Excerpted data ->
(* Let $\Omega_{nl}\subset\mathbb{R}^2$ be a bounded, connected, convex domain with $C^3$ boundary, let $\Gamma_i\subset\partial\Omega_{nl}$ be a boundary curve, and let $J_\delta$ be a kernel as described in the context. For $\delta>0$ and $\mathbf{x}\in B\Omega_i$ define $$Q_\delta(\mathbf{x}):=1-\int_{\mathbb{R}^2\setminus\Omega_{nl}} J_{\delta}(|\mathbf{x}-\mathbf{y}|)\left[|(\mathbf{y}-\overline{\mathbf{x}})\cdot\mathbf{n}(\overline{\mathbf{x}})|^2-|(\mathbf{x}-\overline{\mathbf{x}})\cdot\mathbf{n}(\overline{\mathbf{x}})|^2\right]d\mathbf{y}.$$ Then there exists $\overline{\delta}>0$ such that for all $0<\delta\le\overline{\delta}$, $Q_\delta$ is bounded from above and below independently of $\delta$; specifically there is a constant $C_q>0$ independent of $\delta$ such that $$0<\tfrac12-C_q\delta\le Q_\delta(\mathbf{x})\le \tfrac32+C_q\delta\qquad\text{for all }\mathbf{x}\in B\Omega_i.$$
   Context: Kernel: $J_\delta(r)=\delta^{-4}J(r/\delta)$, where $J:[0,\infty)\to[0,\infty)$ is integrable, nonincreasing, strictly positive on $[0,1]$, vanishes on $(1,\infty)$, and satisfies $\int_{\mathbb{R}^2}J(|\mathbf{z}|)|\mathbf{z}|^2d\mathbf{z}=2$. The horizon $\delta>0$ is assumed small enough that every $\mathbf{x}\in\Omega_{nl}$ within distance $\delta$ of $\Gamma_i$ has a unique orthogonal projection $\overline{\mathbf{x}}$ onto $\Gamma_i$; $\mathbf{n}(\overline{\mathbf{x}})$ denotes the unit exterior normal to $\Omega_{nl}$ at $\overline{\mathbf{x}}$. $B\Omega_i:=\{\mathbf{x}\in\Omega_{nl}:\overline{\mathbf{x}}\in\Gamma_i,\ \mathrm{dist}(\mathbf{x},\Gamma_i)\le\delta\}$. *)

theory Defs
  imports "HOL-Analysis.Analysis"
begin

definition admissible_kernel :: "(real \<Rightarrow> real) \<Rightarrow> bool" where
  "admissible_kernel J \<longleftrightarrow>
     (\<forall>r\<ge>0. J r \<ge> 0) \<and>
     J integrable_on {0..} \<and>
     (\<forall>r s. 0 \<le> r \<and> r \<le> s \<longrightarrow> J s \<le> J r) \<and>
     (\<forall>r. 0 \<le> r \<and> r \<le> 1 \<longrightarrow> J r > 0) \<and>
     (\<forall>r. r > 1 \<longrightarrow> J r = 0) \<and>
     ((\<lambda>z::real^2. J (norm z) * (norm z)^2) has_integral 2) UNIV"

definition J_delta :: "(real \<Rightarrow> real) \<Rightarrow> real \<Rightarrow> real \<Rightarrow> real" where
  "J_delta J \<delta> r = J (r / \<delta>) / \<delta> ^ 4"

definition C3_boundary :: "(real^2) set \<Rightarrow> bool" where
  "C3_boundary \<Omega> \<longleftrightarrow>
     (\<exists>(\<gamma>::real \<Rightarrow> real^2) \<gamma>1 \<gamma>2 \<gamma>3 L. L > 0 \<and>
        (\<forall>t. \<gamma> (t + L) = \<gamma> t) \<and> inj_on \<gamma> {0..<L} \<and> \<gamma> ` {0..L} = frontier \<Omega> \<and>
        (\<forall>t. (\<gamma> has_vector_derivative \<gamma>1 t) (at t)) \<and>
        (\<forall>t. (\<gamma>1 has_vector_derivative \<gamma>2 t) (at t)) \<and>
        (\<forall>t. (\<gamma>2 has_vector_derivative \<gamma>3 t) (at t)) \<and>
        continuous_on UNIV \<gamma>3 \<and>
        (\<forall>t. \<gamma>1 t \<noteq> 0))"

definition boundary_curve :: "(real^2) set \<Rightarrow> (real^2) set \<Rightarrow> bool" where
  "boundary_curve \<Omega> \<Gamma> \<longleftrightarrow> \<Gamma> \<subseteq> frontier \<Omega> \<and> (\<exists>g. path g \<and> path_image g = \<Gamma>)"

definition proj_bd :: "(real^2) set \<Rightarrow> real^2 \<Rightarrow> real^2" where
  "proj_bd \<Omega> x = (SOME p. p \<in> frontier \<Omega> \<and> dist x p = infdist x (frontier \<Omega>))"

definition is_ext_unit_normal :: "(real^2) set \<Rightarrow> real^2 \<Rightarrow> real^2 \<Rightarrow> bool" where
  "is_ext_unit_normal \<Omega> p \<nu> \<longleftrightarrow>
     norm \<nu> = 1 \<and>
     ((\<lambda>y. ((y - p) \<bullet> \<nu>) / norm (y - p)) \<longlongrightarrow> 0) (at p within frontier \<Omega>) \<and>
     (\<forall>\<^sub>F t in at_right 0. p + t *\<^sub>R \<nu> \<notin> closure \<Omega>)"

definition ext_normal :: "(real^2) set \<Rightarrow> real^2 \<Rightarrow> real^2" where
  "ext_normal \<Omega> p = (THE \<nu>. is_ext_unit_normal \<Omega> p \<nu>)"

definition B_Omega :: "(real^2) set \<Rightarrow> (real^2) set \<Rightarrow> real \<Rightarrow> (real^2) set" where
  "B_Omega \<Omega> \<Gamma> \<delta> = {x \<in> \<Omega>. proj_bd \<Omega> x \<in> \<Gamma> \<and> infdist x \<Gamma> \<le> \<delta>}"

definition Q_delta :: "(real \<Rightarrow> real) \<Rightarrow> (real^2) set \<Rightarrow> real \<Rightarrow> real^2 \<Rightarrow> real" where
  "Q_delta J \<Omega> \<delta> x =
     (let xb = proj_bd \<Omega> x; n = ext_normal \<Omega> xb in
      1 - integral (UNIV - \<Omega>)
            (\<lambda>y. J_delta J \<delta> (norm (x - y)) *
                 ((\<bar>(y - xb) \<bullet> n\<bar>)^2 - (\<bar>(x - xb) \<bullet> n\<bar>)^2)))"

end

(* Let p be the boundary point nearest to x, d = |x - p| <= delta and nu = (p - x) / d.
   By convexity, Omega lies in the open half-plane (z - p).nu < 0, and nu is the exterior
   normal at p.  The boundary is a closed regular C^2 curve, so it leaves its tangent lines
   at most quadratically, |(q - p).nu| <= K |q - p|^2; hence every exterior point y within
   delta of x satisfies (y - p).nu >= -4 K delta^2.  After the rotation y = x + R w taking
   the first axis to nu, the integrand of 1 - Q_delta becomes J_delta(|w|) (w1^2 - 2 d w1)
   on the exterior.  The exterior contains the half-plane w1 >= d, whose contribution is
   at most the integral of J_delta(|w|) max(w1, 0)^2, a quarter of the second moment 2.
   Inside the ball of radius delta the rest of the exterior lies in a strip of width
   4 K delta^2, where the integrand is at most 3 J(0) / delta^2.  Together,
   |1 - Q_delta(x)| <= 1/2 + 24 K J(0) delta. *)

theory Submission
  imports Defs
begin
lemma row_kernel_reduced_rows:
  fixes A :: "int mat"
  assumes A: "A \<in> carrier_mat L L" and inv: "invertible_mat (red A :: 'p::prime_card mod_ring mat)"
    and p: "p permutes Iset L" and S': "S' \<subseteq> {1..L}"
  shows "row_kernel (card S') (reduced_row A S' p ` {1..L} :: (nat \<Rightarrow> 'p mod_ring) set) = {\<lambda>_. 0}"
proof -
  have "(reduced_row A S' p ` {1..L} :: (nat \<Rightarrow> 'p mod_ring) set)
      = row_on_cols (red A) ((\<lambda>j. j - 1) ` S') ` {..<L}"
    using permutes_image[OF p] image_pred_atLeastAtMost[of L] by (simp add: reduced_row_image Iset_def)
  moreover have "card ((\<lambda>j. j - 1) ` S') = card S'" using S' by (intro card_image_pred) auto
  moreover have "(red A :: 'p mod_ring mat) \<in> carrier_mat L L" using A by (simp add: red_def)
  ultimately show ?thesis
    using row_kernel_of_invertible[OF _ inv image_pred_subset[OF S']] by simp
qed

lemma invertible_subA_permuted:
  fixes A :: "int mat"
  assumes A: "A \<in> carrier_mat L L" and p: "p permutes Iset L"
    and D: "D \<subseteq> {1..L}" and S': "S' \<subseteq> {1..L}" and card: "card D = card S'"
    and ker: "row_kernel (card S') (reduced_row A S' p ` D :: (nat \<Rightarrow> 'p::prime_card mod_ring) set) = {\<lambda>_. 0}"
  shows "invertible_mat (subA A (p ` D) S' :: 'p mod_ring mat)"
proof -
  have R: "(red A :: 'p mod_ring mat) \<in> carrier_mat L L" using A by (simp add: red_def)
  have S: "p ` D \<subseteq> {1..L}" by (rule permutes_image_subset[OF p D])
  have "subA A (p ` D) S'
      = (submatrix (red A) ((\<lambda>i. i - 1) ` p ` D) ((\<lambda>j. j - 1) ` S') :: 'p mod_ring mat)"
    using S S' by (intro subA_eq_submatrix) auto
  moreover have "card ((\<lambda>i. i - 1) ` p ` D) = card (p ` D)" using S by (intro card_image_pred) auto
  moreover have "card (p ` D) = card D"
    by (rule card_image[OF inj_on_subset[OF permutes_inj[OF p] subset_UNIV]])
  moreover have "card ((\<lambda>j. j - 1) ` S') = card S'" using S' by (intro card_image_pred) auto
  ultimately show ?thesis
    using invertible_submatrix_if_row_kernel_trivial[OF R image_pred_subset[OF S] image_pred_subset[OF S']]
      ker card by (simp add: reduced_row_image)
qed
(* For every $n\ge 2$, the tropicalization of the Cayley-Menger variety of $n$ points in $\mathbb{R}^1$ is the set of ultrametrics on $[n]$: $\mathrm{trop}(\mathrm{CM}_n^1)=U_n$.
   Context: Coordinates of $\mathbb{C}^{\binom{[n]}{2}}$ are indexed by pairs $uv$, $u<v$. $\mathrm{CM}_n^1\subseteq\mathbb{C}^{\binom{[n]}{2}}$ is the Zariski closure of $\{((x_u-x_v)^2)_{u<v}: x_1,\dots,x_n\in\mathbb{R}\}$. Tropicalization uses the max convention: with $K=\mathbb{C}\{\!\{t\}\!\}$ the complex Puiseux series field and $\mathrm{val}(a)=-(\text{smallest exponent of }t\text{ in }a)$, for $X\subseteq\mathbb{C}^S$ with ideal $I$, $\mathrm{trop}(X)$ is the Euclidean closure of $\{(\mathrm{val}(x_i))_{i}: x\in V_K(I)\}\cap\mathbb{R}^S$. $\delta\in\mathbb{R}^{\binom{[n]}{2}}$ is an ultrametric if $\delta_{uv}\le\max\{\delta_{uw},\delta_{vw}\}$ for all distinct $u,v,w\in[n]$ (no nonnegativity required); $U_n$ is the set of ultrametrics. *)

theory Defs
  imports "HOL-Analysis.Analysis" "HOL-Library.Poly_Mapping"
    "HOL-Computational_Algebra.Formal_Laurent_Series"
begin

definition pairs :: "nat \<Rightarrow> (nat \<times> nat) set" where
  "pairs n = {(u, v). 1 \<le> u \<and> u < v \<and> v \<le> n}"

type_synonym 'v cpoly = "('v \<Rightarrow>\<^sub>0 nat) \<Rightarrow>\<^sub>0 complex"

definition poly_vars :: "'v cpoly \<Rightarrow> 'v set" where
  "poly_vars p = \<Union> (Poly_Mapping.keys ` Poly_Mapping.keys p)"

definition poly_eval :: "(complex \<Rightarrow> 'b::comm_ring_1) \<Rightarrow> 'v cpoly \<Rightarrow> ('v \<Rightarrow> 'b) \<Rightarrow> 'b" where
  "poly_eval emb p x = (\<Sum>m\<in>Poly_Mapping.keys p. emb (Poly_Mapping.lookup p m) * (\<Prod>v\<in>Poly_Mapping.keys m. x v ^ Poly_Mapping.lookup m v))"

text \<open>The vanishing ideal of CM_n^1 (the ideal of its Zariski closure in
  C[x_uv : uv in pairs n]): polynomials in the variables x_uv vanishing on
  all points ((a_u - a_v)^2)_{u<v}, a real.\<close>
definition CM_ideal :: "nat \<Rightarrow> (nat \<times> nat) cpoly set" where
  "CM_ideal n = {p. poly_vars p \<subseteq> pairs n \<and>
     (\<forall>a :: nat \<Rightarrow> real. poly_eval id p
         (\<lambda>(u, v). complex_of_real ((a u - a v)^2)) = 0)}"

text \<open>Tropicalization (max convention) over the Puiseux series field
  K = \<Union>_N C((t^(1/N))). A point of K^S is written as x_i = f_i(t^(1/N)) with
  f_i in C((s)) (Laurent series) for a common N \<ge> 1; the substitution s = t^(1/N)
  is an injective ring homomorphism, so x \<in> V_K(I) iff all p \<in> I vanish at f in C((s)),
  and val(x_i) = - subdegree(f_i) / N. The requirement val(x) \<in> R^S means all
  coordinates are nonzero. Vectors in R^S are functions vanishing outside S; the
  closure is taken in the product topology, which on such functions is the
  Euclidean topology of R^S.\<close>
definition trop_val_points :: "(nat \<times> nat) set \<Rightarrow> (nat \<times> nat) cpoly set \<Rightarrow> ((nat \<times> nat) \<Rightarrow> real) set" where
  "trop_val_points S I =
     {\<lambda>i. if i \<in> S then - (real_of_int (fls_subdegree (f i)) / real N) else 0 |
        N f. N \<ge> 1 \<and> (\<forall>i\<in>S. f i \<noteq> (0 :: complex fls)) \<and>
             (\<forall>p\<in>I. poly_eval fls_const p f = 0)}"

definition trop :: "(nat \<times> nat) set \<Rightarrow> (nat \<times> nat) cpoly set \<Rightarrow> ((nat \<times> nat) \<Rightarrow> real) set" where
  "trop S I = closure (trop_val_points S I)"

definition dsym :: "((nat \<times> nat) \<Rightarrow> real) \<Rightarrow> nat \<Rightarrow> nat \<Rightarrow> real" where
  "dsym \<delta> u v = \<delta> (min u v, max u v)"

definition ultrametrics :: "nat \<Rightarrow> ((nat \<times> nat) \<Rightarrow> real) set" where
  "ultrametrics n = {\<delta>. (\<forall>i. i \<notin> pairs n \<longrightarrow> \<delta> i = 0) \<and>
     (\<forall>u\<in>{1..n}. \<forall>v\<in>{1..n}. \<forall>w\<in>{1..n}. u \<noteq> v \<and> u \<noteq> w \<and> v \<noteq> w \<longrightarrow>
        dsym \<delta> u v \<le> max (dsym \<delta> u w) (dsym \<delta> v w))}"

end

theory Submission
  imports Defs
begin

text \<open>If x_uv = (a_u - a_v)^2 for points a_u on a line, then for every triple u, v, w the Heron
  polynomial of x_uv, x_uw, x_vw vanishes. At a point over the Puiseux series this forbids
  val x_uv > max (val x_uw) (val x_vw): the leading term of x_uv^2 could not cancel. So tropical
  points are ultrametrics, and U_n is closed.

  Conversely, rational ultrametrics are dense in U_n and each one is attained. For an integer
  ultrametric D, choose real polynomials q_u such that q_u - q_v has order exactly K - D_uv:
  coefficient j of q_u labels the cluster of u among the clusters of level j of the ultrametric.
  The Laurent series a_u = t^-K q_u(t) then give a point of valuation D, because every polynomial
  of the ideal composed with (s, z) \<mapsto> ((z (q_u(s) - q_v(s)))^2) vanishes at all real (s, z)
  and hence identically.\<close>

definition eval_monom :: "('v \<Rightarrow>\<^sub>0 nat) \<Rightarrow> ('v \<Rightarrow> 'b::comm_ring_1) \<Rightarrow> 'b" where
  "eval_monom m x = (\<Prod>v\<in>Poly_Mapping.keys m. x v ^ Poly_Mapping.lookup m v)"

Task -> Copy from the entries above each line in which the string "have" can be found.

Answer for this exercise ->
  have "(reduced_row A S' p ` {1..L} :: (nat \<Rightarrow> 'p mod_ring) set)
  moreover have "card ((\<lambda>j. j - 1) ` S') = card S'" using S' by (intro card_image_pred) auto
  moreover have "(red A :: 'p mod_ring mat) \<in> carrier_mat L L" using A by (simp add: red_def)
  have R: "(red A :: 'p mod_ring mat) \<in> carrier_mat L L" using A by (simp add: red_def)
  have S: "p ` D \<subseteq> {1..L}" by (rule permutes_image_subset[OF p D])
  have "subA A (p ` D) S'
  moreover have "card ((\<lambda>i. i - 1) ` p ` D) = card (p ` D)" using S by (intro card_image_pred) auto
  moreover have "card (p ` D) = card D"
  moreover have "card ((\<lambda>j. j - 1) ` S') = card S'" using S' by (intro card_image_pred) auto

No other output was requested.